One hand on cell phone, one hand making left turn, right turn signal on:  MISSOURI


----------



## terryl965 (Nov 1, 2006)

* One hand on wheel, one hand on hunting rifle, alternating between both feet being on the accelerator and both feet on brake, throwing McDonald's bag out the window: TEXAS 



Now sir you know down here it is Dairy Queen !!!!


----------



## Kreth (Nov 1, 2006)

Well, this isn't a state, but:
5 MPH under the speed limit, in the left hand lane on the Interstate, with right blinker on. - SENIOR CITIZEN


----------



## bydand (Nov 1, 2006)

terryl965 said:


> * One hand on wheel, one hand on hunting rifle, alternating between both feet being on the accelerator and both feet on brake, throwing McDonald's bag out the window: TEXAS
> 
> 
> 
> Now sir you know down here it is Dairy Queen !!!!



When I first read down through the list I thought the same thing.  :lol:  When I lived outside of Dallas, everybody met at the local DQ, (mmmm chocolate covered bananas, haven't seen them anywhere else, in other DQ's.)


----------



## bydand (Nov 1, 2006)

One more just popped into my head, it's not the whole state, but regionalized.
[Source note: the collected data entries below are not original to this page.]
lemma card_no_one_family:
  assumes "10 \<le> n"
  shows "n \<le> card (no_one_family n)"
proof -
  let ?A = "{[n], [n - 6, 2, 2, 2]}"
  let ?B = "(\<lambda>a. [n - a, a]) ` {2..n div 2}"
  let ?C = "(\<lambda>a. [n - a - 2, a, 2]) ` {2..(n - 2) div 2}"
  let ?D = "(\<lambda>a. [n - a - 3, a, 3]) ` {3..(n - 3) div 2}"
  have "card ?A = 2" by simp
  moreover have "card ?B = n div 2 - 1" by (subst card_image) (auto simp: inj_on_def)
  moreover have "card ?C = (n - 2) div 2 - 1" by (subst card_image) (auto simp: inj_on_def)
  moreover have "card ?D = (n - 3) div 2 - 2" by (subst card_image) (auto simp: inj_on_def)
  moreover have "?A \<inter> ?B = {}" "(?A \<union> ?B) \<inter> ?C = {}" "(?A \<union> ?B \<union> ?C) \<inter> ?D = {}"
    using assms by auto
  then have "card (no_one_family n) = card ?A + card ?B + card ?C + card ?D"
    unfolding no_one_family_def
    using card_Un_disjoint[of "?A \<union> ?B \<union> ?C" ?D] card_Un_disjoint[of "?A \<union> ?B" ?C]
      card_Un_disjoint[of ?A ?B] by simp
  moreover have "n \<le> 2 + (n div 2 - 1) + ((n - 2) div 2 - 1) + ((n - 3) div 2 - 2)"
    using assms by presburger
  ultimately show ?thesis by simp
qed

theorem hook_coeff_negative_iff:
  assumes n: "2 \<le> n"
  shows "(\<exists>T. T \<subseteq> partitions n \<and> replicate n 1 \<in> T \<and> schur_coeff n (psi n T) [n - 1, 1] < 0)
    \<longleftrightarrow> 10 \<le> n"
proof
  assume "\<exists>T. T \<subseteq> partitions n \<and> replicate n 1 \<in> T \<and> schur_coeff n (psi n T) [n - 1, 1] < 0"
  then obtain T where T: "T \<subseteq> partitions n" "replicate n 1 \<in> T" "schur_coeff n (psi n T) [n - 1, 1] < 0"
    by blast
  show "10 \<le> n"
  proof (rule ccontr)
    assume "\<not> 10 \<le> n"
    then have "0 \<le> (\<Sum>\<mu>\<in>T. chi_hook \<mu>)" using hook_sum_nonneg_small[OF T(1,2) n] by simp
    then show False using T(3) schur_coeff_psi_hook[OF T(1) n] by simp
  qed
next
  assume n10: "10 \<le> n"
  let ?r = "replicate n (1::nat)"
  let ?T = "insert ?r (no_one_family n)"
  have "?r \<notin> no_one_family n" using no_one_family_partitions(2)[OF n10] n10 by fastforce
  moreover have "finite (no_one_family n)" unfolding no_one_family_def by simp
  ultimately have "(\<Sum>\<mu>\<in>?T. chi_hook \<mu>) = chi_hook ?r + (\<Sum>\<mu>\<in>no_one_family n. chi_hook \<mu>)" by simp
  also have "(\<Sum>\<mu>\<in>no_one_family n. chi_hook \<mu>) = (\<Sum>\<mu>\<in>no_one_family n. -1)"
    using no_one_family_partitions(2)[OF n10] by (intro sum.cong) (auto simp: chi_hook_def)
  finally have "(\<Sum>\<mu>\<in>?T. chi_hook \<mu>) < 0"
    using chi_hook_column[of n] card_no_one_family[OF n10] by simp
  moreover have "?T \<subseteq> partitions n" using no_one_family_partitions(1)[OF n10] column_in_partitions by auto
  ultimately have "schur_coeff n (psi n ?T) [n - 1, 1] < 0" using schur_coeff_psi_hook[OF _ n] by simp
  then show "\<exists>T. T \<subseteq> partitions n \<and> replicate n 1 \<in> T \<and> schur_coeff n (psi n T) [n - 1, 1] < 0"
    using \<open>?T \<subseteq> partitions n\<close> by blast
qed

section \<open>Alternating sums over compositions\<close>

definition compositions :: "nat \<Rightarrow> nat list set" where
  "compositions m = {xs. (\<forall>x\<in>set xs. 0 < x) \<and> sum_list xs = m}"

lemma compositions_length_le: "xs \<in> compositions m \<Longrightarrow> length xs \<le> m"
  unfolding compositions_def using length_le_sum_list_pos by blast

lemma finite_compositions: "finite (compositions m)"
proof -
  have "compositions m \<subseteq> {xs. set xs \<subseteq> {..m} \<and> length xs \<le> m}"
  proof
    fix xs assume h: "xs \<in> compositions m"
    have "set xs \<subseteq> {..m}"
    proof
      fix x assume "x \<in> set xs"
      then have "x \<le> sum_list xs" by (rule member_le_sum_list) auto
      then show "x \<in> {..m}" using h unfolding compositions_def by simp
    qed
    then show "xs \<in> {xs. set xs \<subseteq> {..m} \<and> length xs \<le> m}" using compositions_length_le[OF h] by simp
  qed
  moreover have "finite {xs. set xs \<subseteq> {..m} \<and> length xs \<le> m}"
    using finite_lists_length_le[of "{..m}" m] by simp
  ultimately show ?thesis by (rule finite_subset)
qed

lemma compositions_0: "compositions 0 = {[]}"
  unfolding compositions_def by (auto, case_tac x, auto)

lemma bij_betw_compositions_snoc:
  assumes "0 < m"
  shows "bij_betw (\<lambda>(a, xs). xs @ [a]) (Sigma {1..m} (\<lambda>a. compositions (m - a))) (compositions m)"
proof (rule bij_betwI')
  fix x y assume "x \<in> Sigma {1..m} (\<lambda>a. compositions (m - a))" "y \<in> Sigma {1..m} (\<lambda>a. compositions (m - a))"
  show "((\<lambda>(a, xs). xs @ [a]) x = (\<lambda>(a, xs). xs @ [a]) y) = (x = y)"
    by (cases x; cases y) auto
next
  fix x assume "x \<in> Sigma {1..m} (\<lambda>a. compositions (m - a))"
  then show "(\<lambda>(a, xs). xs @ [a]) x \<in> compositions m" unfolding compositions_def by auto
next
  fix ys assume ys: "ys \<in> compositions m"
  then have "ys \<noteq> []" using assms unfolding compositions_def by auto
  then have e: "ys = butlast ys @ [last ys]" by simp
  have "0 < last ys" using ys \<open>ys \<noteq> []\<close> unfolding compositions_def by auto
  moreover have "sum_list ys = sum_list (butlast ys) + last ys" using e by (metis sum_list_append sum_list_simps add.right_neutral)
  moreover have "\<forall>x\<in>set (butlast ys). 0 < x" using ys unfolding compositions_def by (auto dest: in_set_butlastD)
  ultimately have "(last ys, butlast ys) \<in> Sigma {1..m} (\<lambda>a. compositions (m - a))"
    using ys unfolding compositions_def by auto
  then show "\<exists>x\<in>Sigma {1..m} (\<lambda>a. compositions (m - a)). ys = (\<lambda>(a, xs). xs @ [a]) x"
    using e by force
qed

lemma sum_compositions_snoc:
  assumes "0 < m"
  shows "(\<Sum>xs\<in>compositions m. F xs) = (\<Sum>a\<in>{1..m}. \<Sum>xs\<in>compositions (m - a). F (xs @ [a]))"
proof -
  have "(\<Sum>xs\<in>compositions m. F xs) = (\<Sum>p\<in>Sigma {1..m} (\<lambda>a. compositions (m - a)). F ((\<lambda>(a, xs). xs @ [a]) p))"
    using sum.reindex_bij_betw[OF bij_betw_compositions_snoc[OF assms], of F] by simp
  also have "\<dots> = (\<Sum>a\<in>{1..m}. \<Sum>xs\<in>compositions (m - a). F (xs @ [a]))"
    by (subst sum.Sigma) (auto simp: finite_compositions split_beta)
  finally show ?thesis .
qed

lemma sum_Pow_minus_one:
  assumes "finite J" "J \<noteq> {}"
  shows "(\<Sum>B\<in>Pow J. (-1::int) ^ card B) = 0"
  using assms card_subsupersets_even_odd[of J "{}"] unfolding Pow_def
  by (intro sum_alternating_cancels) auto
*Sunny day +/- 5 MPH of speed limit one hand on wheel, gawking around at the trees; Wintery conditions, blowing snow, icey roads = 65-70 MPH both hand on wheel, eyes locked onto road, passing everybody in sight:  WEST MICHIGAN


----------



## crushing (Nov 1, 2006)

bydand said:


> One more just popped into my head, it's not the whole state, but regionalized.
> 
> *Sunny day +/- 5 MPH of speed limit one hand on wheel, gawking around at the trees; Wintery conditions, blowing snow, icey roads = 65-70 MPH both hand on wheel, eyes locked onto road, passing everybody in sight: WEST MICHIGAN


 
Hey now, we resemble that remark!!!!


----------



## hemi (Nov 1, 2006)

terryl965 said:


> Now sir you know down here it is Dairy Queen !!!!


 

You beat me too it. LOL, Well except yes we eat at DQ but we DON&#8221;T Mess with TX. And it&#8217;s a shot gun in the window unless it&#8217;s deer season. :uhyeah:


----------



## bydand (Nov 1, 2006)

2004hemi, do I see right, Forney, TX?  I used to live in Seagoville and run up the Mallory Bridge road (740 if memory serves me right) into Forney to see if we could pick up any of your women over there. LOL  Man that was a LONG time ago!


----------



## hemi (Nov 1, 2006)

bydand said:


> 2004hemi, do I see right, Forney, TX? I used to live in Seagoville and run up the Mallory Bridge road (740 if memory serves me right) into Forney to see if we could pick up any of your women over there. LOL Man that was a LONG time ago!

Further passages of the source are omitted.